В результате на нее сошло откровение: Иной Мир, в который ушла мать, был не иное измерение, а представлял собой другое время настоящего мира. По ее расчетам, мать должна была «проявиться» через шестьдесят восемь лет. Для того чтобы не упустить ее, она подготовила ловушку: зная, что астральное тело неравнодушно к своим вещам из прошлого, она оставила любимые мамины коралловые бусы возле могилы, где было захоронено тело. Зоряна, надев бусы, спровоцировала свою смерть, то есть ситуацию, когда ее собственное астральное тело покинуло материальное тело, освободив место другому астральному телу. А то, что проявилось на фотографии, сделанной на кладбище, — это чужое астральное тело, принявшее облик старухи, так как само оно не имеет конкретной формы.

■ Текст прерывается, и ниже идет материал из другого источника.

(* Let $k$ be a positive integer and let $f$ be the timelike minimal surface, defined on a neighbourhood of the origin in the $(u,v)$-plane, with real Weierstrass data $(g_1,g_2,\hat\omega_1du,\hat\omega_2dv)$ where $g_1=g_1(u)$ is a real-valued smooth function, $\hat\omega_1=\hat\omega_1(u)$ is smooth with $\hat{\omega}_1(0)\neq0$, $g_2(v)=v^{2k-1}$ and $\hat{\omega}_2(v)=v$. Then $f$ has $(2,2k+1)$-cuspidal edges along $v=0$: at each point $(u_0,0)$ with $\hat\omega_1(u_0)\ne0$ (in particular at every point of $\{v=0\}$ sufficiently near the origin), $f$ is $\mathcal{A}$-equivalent to the $(2,2k+1)$-cuspidal edge.
   Context: $\mathbb{L}^3$ is $\mathbb{R}^3$ with the Lorentzian metric $-dt^2+dx^2+dy^2$. The surface with real Weierstrass data $(g_1,g_2,\hat\omega_1du,\hat\omega_2dv)$ is $f(u,v)=\tfrac12\int_{0}^u(-1-g_1^2,1-g_1^2,2g_1)\hat{\omega}_1du+\tfrac12\int_{0}^v(1+g_2^2,1-g_2^2,-2g_2)\hat{\omega}_2dv$ (up to translation). $\mathcal{A}$-equivalence means equality of map germs up to diffeomorphism germs of source and target. The $(2,2k+1)$-cuspidal edge is the germ at $0$ of $(u,v)\mapsto(u,v^2,v^{2k+1})$. *)

theory Defs
  imports "HOL-Analysis.Analysis"
begin

fun Cn_on :: "nat \<Rightarrow> 'a::euclidean_space set \<Rightarrow> ('a \<Rightarrow> 'b::euclidean_space) \<Rightarrow> bool" where
  "Cn_on 0 S f = continuous_on S f"
| "Cn_on (Suc n) S f =
     (\<exists>f'. (\<forall>x\<in>S. (f has_derivative f' x) (at x)) \<and> (\<forall>v. Cn_on n S (\<lambda>x. f' x v)))"

definition smooth_on :: "'a::euclidean_space set \<Rightarrow> ('a \<Rightarrow> 'b::euclidean_space) \<Rightarrow> bool" where
  "smooth_on S f \<longleftrightarrow> (\<forall>n. Cn_on n S f)"

definition diffeo_between :: "'a::euclidean_space set \<Rightarrow> 'a set \<Rightarrow> ('a \<Rightarrow> 'a) \<Rightarrow> bool" where
  "diffeo_between U V \<phi> \<longleftrightarrow> open U \<and> open V \<and> smooth_on U \<phi> \<and> \<phi> ` U = V \<and>
     (\<exists>\<psi>. smooth_on V \<psi> \<and> \<psi> ` V = U \<and> (\<forall>x\<in>U. \<psi> (\<phi> x) = x) \<and> (\<forall>y\<in>V. \<phi> (\<psi> y) = y))"

definition A_equivalent ::
  "('a::euclidean_space \<Rightarrow> 'b::euclidean_space) \<Rightarrow> 'a \<Rightarrow> ('a \<Rightarrow> 'b) \<Rightarrow> 'a \<Rightarrow> bool" where
  "A_equivalent f p g q \<longleftrightarrow>
     (\<exists>U U' \<phi> W W' \<psi>. p \<in> U \<and> diffeo_between U U' \<phi> \<and> \<phi> p = q \<and>
        f p \<in> W \<and> diffeo_between W W' \<psi> \<and> \<psi> (f p) = g q \<and>
        (\<forall>x\<in>U. f x \<in> W \<and> \<psi> (f x) = g (\<phi> x)))"

definition oint :: "real \<Rightarrow> real \<Rightarrow> (real \<Rightarrow> 'a::euclidean_space) \<Rightarrow> 'a" where
  "oint a b h = (if a \<le> b then integral {a..b} h else - integral {b..a} h)"

text \<open>Timelike minimal surface in L^3 (coordinates (t,x,y)) with real Weierstrass data
  (g1, g2, w1 du, w2 dv).\<close>
definition wsurf :: "(real \<Rightarrow> real) \<Rightarrow> (real \<Rightarrow> real) \<Rightarrow> (real \<Rightarrow> real) \<Rightarrow> (real \<Rightarrow> real)
    \<Rightarrow> real \<times> real \<Rightarrow> real \<times> real \<times> real" where
  "wsurf g1 w1 g2 w2 = (\<lambda>(u, v).
      (1/2) *\<^sub>R oint 0 u (\<lambda>s. w1 s *\<^sub>R (- 1 - (g1 s)\<^sup>2, 1 - (g1 s)\<^sup>2, 2 * g1 s))
    + (1/2) *\<^sub>R oint 0 v (\<lambda>t. w2 t *\<^sub>R (1 + (g2 t)\<^sup>2, 1 - (g2 t)\<^sup>2, - 2 * g2 t)))"

definition cuspidal_edge :: "nat \<Rightarrow> real \<times> real \<Rightarrow> real \<times> real \<times> real" where
  "cuspidal_edge k = (\<lambda>(u, v). (u, v ^ 2, v ^ (2 * k + 1)))"

end

theory Submission
  imports Defs
begin

(* Integrating the v-part of the Weierstrass data explicitly gives f = Theta o c, where
   c (u, v) = (u, v^2, v^(2k+1)) is the cuspidal edge and Theta = cusp_chart k g1 w1 is
   Theta (u, q, r) = gamma u + (q/4 + q^(2k)/(8k), q/4 - q^(2k)/(8k), - r/(2k+1)),
   gamma being the u-part of f.  The Jacobian determinant of Theta at (u0, 0, 0) is
   w1 u0 / (4 (2k+1)) <> 0 and the inverse Jacobian is given by explicit formulas smooth in
   (u, q, r), so by the inverse function theorem Theta restricts to a diffeomorphism near
   (u0, 0, 0).  Since c commutes with translations in u, the inverse of Theta followed by a
   translation, together with the translation (u, v) -> (u - u0, v) of the source, realise
   the A-equivalence. *)

lemma Cn_on_SucI:
  assumes "\<And>x. x \<in> S \<Longrightarrow> (f has_derivative f' x) (at x)"
    and "\<And>v. Cn_on n S (\<lambda>x. f' x v)"
  shows "Cn_on (Suc n) S f"
  using assms by auto

lemma Cn_on_SucE:
  assumes "Cn_on (Suc n) S f"
  obtains f' where "\<And>x. x \<in> S \<Longrightarrow> (f has_derivative f' x) (at x)"
    and "\<And>v. Cn_on n S (\<lambda>x. f' x v)"
  using assms by auto

lemma Cn_on_Suc_imp: "Cn_on (Suc n) S f \<Longrightarrow> Cn_on n S f"
proof (induction n arbitrary: f)
  case 0
  then obtain f' where "\<And>x. x \<in> S \<Longrightarrow> (f has_derivative f' x) (at x)"
    by (elim Cn_on_SucE) blast
  then show ?case
    by (auto intro!: continuous_at_imp_continuous_on has_derivative_continuous)
next
  case (Suc n)
  from Suc.prems obtain f' where "\<And>x. x \<in> S \<Longrightarrow> (f has_derivative f' x) (at x)"
    and "\<And>v. Cn_on (Suc n) S (\<lambda>x. f' x v)" by (elim Cn_on_SucE) blast
  with Suc.IH show ?case by (blast intro: Cn_on_SucI)
qed

lemma Cn_on_subset: "Cn_on n S f \<Longrightarrow> T \<subseteq> S \<Longrightarrow> Cn_on n T f"
proof (induction n arbitrary: f)
  case 0
  then show ?case by (auto intro: continuous_on_subset)
next
  case (Suc n)
  from Suc.prems(1) obtain f' where "\<And>x. x \<in> S \<Longrightarrow> (f has_derivative f' x) (at x)"
    and "\<And>v. Cn_on n S (\<lambda>x. f' x v)" by (elim Cn_on_SucE) blast
  with Suc.IH Suc.prems(2) show ?case by (intro Cn_on_SucI) auto
qed

lemma Cn_on_const: "Cn_on n S (\<lambda>x. c)"
proof (induction n arbitrary: c)
  case (Suc n)
  show ?case by (rule Cn_on_SucI[where f' = "\<lambda>x v. 0"]) (simp_all add: Suc.IH)
qed simp

lemma Cn_on_add: "Cn_on n S f \<Longrightarrow> Cn_on n S g \<Longrightarrow> Cn_on n S (\<lambda>x. f x + g x)"
proof (induction n arbitrary: f g)
  case 0
  then show ?case by (auto intro: continuous_on_add)
next
  case (Suc n)
  from Suc.prems(1) obtain f' where "\<And>x. x \<in> S \<Longrightarrow> (f has_derivative f' x) (at x)"
    and "\<And>v. Cn_on n S (\<lambda>x. f' x v)" by (elim Cn_on_SucE) blast
  moreover from Suc.prems(2) obtain g' where "\<And>x. x \<in> S \<Longrightarrow> (g has_derivative g' x) (at x)"
    and "\<And>v. Cn_on n S (\<lambda>x. g' x v)" by (elim Cn_on_SucE) blast
  ultimately show ?case
    by (intro Cn_on_SucI[where f' = "\<lambda>x v. f' x v + g' x v"] has_derivative_add Suc.IH)
qed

— По-вашему, выходит, я жива и мертва одновременно? Потрясенная Зоряна никак не могла заставить себя уйти от этой сумасшедшей старухи, которая несла полнейший бред. Вспоминались странные сновидения, посещающие ее каждую ночь. Словно она во сне проживала свою прошлую жизнь, примеряла чужое тело, «подгоняла» по размеру.
— Не сомневайся, жива. По паспорту как Зоряна, хотя от нее осталось лишь тело и кое-какие знания, полученные в течение недолгой жизни.
К своему ужасу Зоряна начала верить, что так и есть. Стало казаться, что ее тело чужое, непривычное, как новая вещь. Вспомнила, как рассказывали, что она очень любила дискотеки и танцевала там до упаду. А за все время после выписки из больницы у нее даже мысли не возникло сходить туда. Как удивилась мама, когда она взяла к борщу сырую луковицу и съела ее, заметив, что «на Севере лук — первое средство от цинги». Уже потом узнала, что раньше терпеть не могла лука в любом виде, тем более в сыром. Как неожиданно у нее появился интерес к политическим событиям в стране и за рубежом, и она покупала в неимоверных количествах газеты и «проглатывала» их за вечер. И многое другое не соответствовало прежнему образу жизни Зоряны…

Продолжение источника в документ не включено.